theorem lemma4p2:
  fixes p :: "nat \<Rightarrow> real" and \<delta> \<epsilon> K0 :: real and l1 :: nat
  assumes delta: "\<delta> > -1"
    and eps: "\<epsilon> > 0"
    and ellip: "\<And>x. x \<ge> 1 \<Longrightarrow> \<epsilon> \<le> p x \<and> p x \<le> 1 - \<epsilon>"
    and Ro: "((\<lambda>x. real x * Rterm p \<delta> x) \<longlongrightarrow> 0) at_top"
    and K0: "K0 > 0"
    and lamasym: "(\<lambda>x. lam p x) \<sim>[at_top]
                    (\<lambda>x. K0 * real x powr (2 * kappa \<delta> - 1) / Lfun p \<delta> x)"
    and l1: "l1 \<ge> 1"
    and l1a: "\<And>x. x \<ge> l1 \<Longrightarrow> real x * \<bar>Rterm p \<delta> x\<bar> \<le> 1/2"
    and l1b: "\<And>x. x \<ge> l1 \<Longrightarrow>
               2 * kappa \<delta> * Mfun p x / (K0 * real x powr (2 * kappa \<delta>) / Lfun p \<delta> x)
                 \<in> {7/8<..<9/8}"
    and l1c: "\<And>x. x \<ge> l1 \<Longrightarrow>
               2 * kappa \<delta> * (Mfun p (2 * x) - Mfun p x) /
                 (K0 * (2 powr (2 * kappa \<delta>) - 1) * real x powr (2 * kappa \<delta>) / Lfun p \<delta> x)
                 \<in> {7/8<..<9/8}"
    and l1d: "\<And>x. x \<ge> l1 \<Longrightarrow> \<delta> \<noteq> 0 \<Longrightarrow>
               \<bar>real x * (2 * p x - 1) + \<delta> / 2\<bar> < \<bar>\<delta>\<bar> / 4"
  shows "\<exists>K3 K4. K3 > 0 \<and> K4 > 0 \<and>
           (\<forall>h m. h > l1 \<longrightarrow> real m \<ge> 4 * real h ^ 2 \<longrightarrow>
              stay_prob p h m \<le> K3 / Mfun p h * exp (- K4 * real m / real h ^ 2))"
proof -
  interpret elliptic_walk p \<epsilon>
    using eps ellip by unfold_locales
  have \<kappa>: "0 < kappa \<delta>"
    using kappa_pos[OF delta] .
  obtain C where C: "0 \<le> C" "\<And>y. 1 \<le> y \<Longrightarrow> Mfun p y \<le> C * real y * lam p y"
    using Mfun_le_linear_lam[OF \<kappa> K0 lamasym l1b] by blast
  obtain \<rho> where \<rho>: "1 \<le> \<rho>" "\<And>x i. l1 \<le> x \<Longrightarrow> Mfun p (2 ^ i * x) \<le> \<rho> ^ i * Mfun p x"
    using Mfun_doubling[OF \<kappa> K0 l1 l1b l1c] by blast
  define c where "c = ln 2 / (2 * C / \<epsilon> + 1)"
  have c: "0 < c"
    unfolding c_def using C(1) eps by (intro divide_pos_pos add_nonneg_pos) auto
  obtain K where K: "0 < K" "\<And>h n. 2 \<le> h \<Longrightarrow> real h ^ 2 \<le> real n \<Longrightarrow>
      survival p h n 1 \<le> K / Mfun p h * exp (- (c / 4) * real n / real h ^ 2)"
    using survival_from_1_le[OF c survival_decay[OF C(2,1), folded c_def] \<rho>] by blast
  show ?thesis
    using stay_prob_le_of_survival_bound[of "c / 4" K] c K l1
    by (intro exI[of _ "K * exp (c / 4)"] exI[of _ "c / 4"]) auto
qed

end
lemma nn_integral_ball_norm_powr_gaussian_le:
  assumes c: "0 \<le> c" and R: "0 < R"
  shows "(\<integral>\<^sup>+\<eta>. indicator (ball 0 R) \<eta> *
            ennreal (norm (\<eta>::'a::euclidean_space) powr (1 - real DIM('a)) * exp (- c * (norm \<eta>)\<^sup>2)) \<partial>lborel)
          \<le> ennreal (riesz_ball_const (real DIM('a) - 1) (real DIM('a)) * R)"
proof -
  have "(\<integral>\<^sup>+\<eta>. indicator (ball 0 R) \<eta> *
            ennreal (norm (\<eta>::'a) powr (1 - real DIM('a)) * exp (- c * (norm \<eta>)\<^sup>2)) \<partial>lborel)
      \<le> (\<integral>\<^sup>+\<eta>. indicator (ball (0::'a) R) \<eta> * ennreal (norm (\<eta> - 0) powr (- (real DIM('a) - 1))) \<partial>lborel)"
    using c by (intro nn_integral_mono mult_left_mono ennreal_leI) (auto intro!: mult_left_le)
  also have "\<dots> \<le> ennreal (riesz_ball_const (real DIM('a) - 1) (real DIM('a)) * R powr (real DIM('a) - (real DIM('a) - 1)))"
    by (rule nn_integral_ball_norm_powr_le) (use R in auto)
  finally show ?thesis using R by simp
qed

lemma nn_integral_outside_ball_norm_powr_gaussian_le:
  assumes c: "0 < c" and R: "0 < R"
  shows "(\<integral>\<^sup>+\<eta>. indicator (- ball 0 R) \<eta> *
            ennreal (norm (\<eta>::'a::euclidean_space) powr (1 - real DIM('a)) * exp (- c * (norm \<eta>)\<^sup>2)) \<partial>lborel)
          \<le> ennreal (riesz_outer_const (real DIM('a) + 1) (real DIM('a)) / (c * R))"
proof -
  define d where "d = real DIM('a)"
  have "(\<integral>\<^sup>+\<eta>. indicator (- ball 0 R) \<eta> * ennreal (norm (\<eta>::'a) powr (1 - d) * exp (- c * (norm \<eta>)\<^sup>2)) \<partial>lborel)
      \<le> (\<integral>\<^sup>+\<eta>. ennreal (1 / c) * (indicator (- ball (0::'a) R) \<eta> * ennreal (norm (\<eta> - 0) powr (- (d + 1)))) \<partial>lborel)"
  proof (rule nn_integral_mono)
    fix \<eta> :: 'a
    show "indicator (- ball 0 R) \<eta> * ennreal (norm \<eta> powr (1 - d) * exp (- c * (norm \<eta>)\<^sup>2))
        \<le> ennreal (1 / c) * (indicator (- ball 0 R) \<eta> * ennreal (norm (\<eta> - 0) powr (- (d + 1))))"
    proof (cases "\<eta> \<in> ball 0 R")
      case False
      then have \<eta>: "0 < norm \<eta>" using R by auto
      have "norm \<eta> powr (1 - d) * exp (- c * (norm \<eta>)\<^sup>2) \<le> norm \<eta> powr (1 - d) * (1 / (c * (norm \<eta>)\<^sup>2))"
        using exp_neg_le_inverse[of "c * (norm \<eta>)\<^sup>2"] c \<eta> by (intro mult_left_mono) auto
      also have "\<dots> = 1 / c * norm \<eta> powr (- (d + 1))"
        using \<eta> c by (simp add: powr_add[symmetric] powr_minus_divide power2_eq_square powr_diff field_simps)
      finally show ?thesis using False c by (simp add: ennreal_mult'[symmetric] ennreal_leI)
    qed simp
  qed
  also have "\<dots> = ennreal (1 / c) * (\<integral>\<^sup>+\<eta>. indicator (- ball (0::'a) R) \<eta> * ennreal (norm (\<eta> - 0) powr (- (d + 1))) \<partial>lborel)"
    by (rule nn_integral_cmult) measurable
  also have "\<dots> \<le> ennreal (1 / c) * ennreal (riesz_outer_const (d + 1) d * R powr (d - (d + 1)))"
    unfolding d_def by (intro mult_left_mono nn_integral_outside_ball_norm_powr_le) (use R in auto)
  also have "\<dots> = ennreal (riesz_outer_const (d + 1) d / (c * R))"
    using c R by (simp add: ennreal_mult'[symmetric] powr_minus_divide)
  finally show ?thesis unfolding d_def .
qed
(* As $\tau\to\infty$, $$J(\tau;f,g)=O\Big(\tau e^{-\tau\min_{x\in\partial D,\,y\in\partial B,\,y'\in\partial B'}\phi(x;y,y')}\Big).$$
   Context: Let $D\subset\mathbb R^3$ be a nonempty bounded open set with $C^2$ boundary. $B,B'$ are open balls with $\overline B\cap\overline D=\overline{B'}\cap\overline D=\emptyset$, $f=\chi_B$, $g=\chi_{B'}$. For $h\in L^2(\mathbb R^3)$ and $\tau>0$, $v_h(x)=\frac1{4\pi}\int\frac{e^{-\tau|x-y|}}{|x-y|}h(y)dy$. $J(\tau;f,g)=\int_D(\nabla v_f\cdot\nabla v_g+\tau^2v_fv_g)dx$. $\phi(x;y,y')=|y-x|+|x-y'|$. *)

theory Defs
  imports "HOL-Analysis.Analysis"
begin

definition partial_deriv :: "('n::finite) \<Rightarrow> (real^'n \<Rightarrow> real) \<Rightarrow> real^'n \<Rightarrow> real" where
  "partial_deriv i u x = frechet_derivative u (at x) (axis i 1)"

definition grad :: "(real^'n::finite \<Rightarrow> real) \<Rightarrow> real^'n \<Rightarrow> real^'n" where
  "grad u x = (\<chi> i. partial_deriv i u x)"

definition C2_on :: "(real^'n::finite) set \<Rightarrow> (real^'n \<Rightarrow> real) \<Rightarrow> bool" where
  "C2_on U u \<longleftrightarrow> open U \<and> u differentiable_on U \<and>
     (\<forall>i. (partial_deriv i u) differentiable_on U) \<and>
     (\<forall>i j. continuous_on U (partial_deriv j (partial_deriv i u)))"

definition C2_boundary :: "(real^3) set \<Rightarrow> bool" where
  "C2_boundary D \<longleftrightarrow> (\<forall>p \<in> frontier D. \<exists>r>0. \<exists>T :: real^3 \<Rightarrow> real^3. \<exists>a :: real^3. \<exists>h :: real^2 \<Rightarrow> real.
      orthogonal_transformation T \<and> C2_on UNIV h \<and>
      D \<inter> ball p r =
        {x \<in> ball p r. (T (x - a)) $ 3 < h (vector [(T (x - a)) $ 1, (T (x - a)) $ 2])})"

definition v_pot :: "real \<Rightarrow> (real^3 \<Rightarrow> real) \<Rightarrow> real^3 \<Rightarrow> real" where
  "v_pot \<tau> h x = (1 / (4 * pi)) *
     (\<integral>y. exp (- \<tau> * norm (x - y)) / norm (x - y) * h y \<partial>lborel)"

definition J_fun :: "(real^3) set \<Rightarrow> real \<Rightarrow> (real^3 \<Rightarrow> real) \<Rightarrow> (real^3 \<Rightarrow> real) \<Rightarrow> real" where
  "J_fun D \<tau> f g = (LINT x:D|lborel.
      grad (v_pot \<tau> f) x \<bullet> grad (v_pot \<tau> g) x + \<tau>\<^sup>2 * v_pot \<tau> f x * v_pot \<tau> g x)"

definition phi :: "real^3 \<Rightarrow> real^3 \<Rightarrow> real^3 \<Rightarrow> real" where
  "phi x y y' = norm (y - x) + norm (x - y')"

end

theory Submission
  imports Defs
begin
theorem weakly_idempotent_complete_EExt:
  assumes "weakly_idempotent_complete K"
  shows "weakly_idempotent_complete (EExt K E)"
  unfolding weakly_idempotent_complete_def
proof (intro allI impI)
  fix r assume r: "is_retraction (EExt K E) r"
  obtain C A \<alpha> D B \<beta> a c where r_def: "r = ((C, A, \<alpha>), (D, B, \<beta>), (a, c))"
    by (cases r) auto
  note r_parts = is_retraction_EExt[OF r[unfolded r_def]]
  obtain ka kc where "is_kernel K a ka" "is_kernel K c kc"
    using assms r_parts(2,3) unfolding weakly_idempotent_complete_def by blast
  then show "\<exists>\<kappa>. is_kernel (EExt K E) r \<kappa>"
    unfolding r_def by (rule EExt_retraction_has_kernel[OF r_parts(1,2)])
qed

end

theorem proposition6p4:
  fixes n :: nat
    and K :: "('o, 'm) acat"
    and E :: "('o, 'm, 'e) bifun"
    and s :: "'o \<Rightarrow> 'o \<Rightarrow> 'e \<Rightarrow> (nat \<Rightarrow> 'm) set"
  assumes "1 \<le> n"
    and "n_exangulated n K E s"
    and "weakly_idempotent_complete K"
  shows "weakly_idempotent_complete (EExt K E)"
proof -
  have "additive K" and "biadditive_functor K E"
    using assms(2) unfolding n_exangulated_def by simp_all
  then have "biadditive_bifunctor K E"
    unfolding additive_def by unfold_locales simp_all
  then show ?thesis using assms(3) by (rule biadditive_bifunctor.weakly_idempotent_complete_EExt)
qed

------------------------------------------------------------------------

Task to carry out
Write out, word for word, all lines from the line that holds "obtain ka kc" through the last line of the listing, with both end lines kept.

Answer below
  obtain ka kc where "is_kernel K a ka" "is_kernel K c kc"
    using assms r_parts(2,3) unfolding weakly_idempotent_complete_def by blast
  then show "\<exists>\<kappa>. is_kernel (EExt K E) r \<kappa>"
    unfolding r_def by (rule EExt_retraction_has_kernel[OF r_parts(1,2)])
qed

end

theorem proposition6p4:
  fixes n :: nat
    and K :: "('o, 'm) acat"
    and E :: "('o, 'm, 'e) bifun"
    and s :: "'o \<Rightarrow> 'o \<Rightarrow> 'e \<Rightarrow> (nat \<Rightarrow> 'm) set"
  assumes "1 \<le> n"
    and "n_exangulated n K E s"
    and "weakly_idempotent_complete K"
  shows "weakly_idempotent_complete (EExt K E)"
proof -
  have "additive K" and "biadditive_functor K E"
    using assms(2) unfolding n_exangulated_def by simp_all
  then have "biadditive_bifunctor K E"
    unfolding additive_def by unfold_locales simp_all
  then show ?thesis using assms(3) by (rule biadditive_bifunctor.weakly_idempotent_complete_EExt)
qed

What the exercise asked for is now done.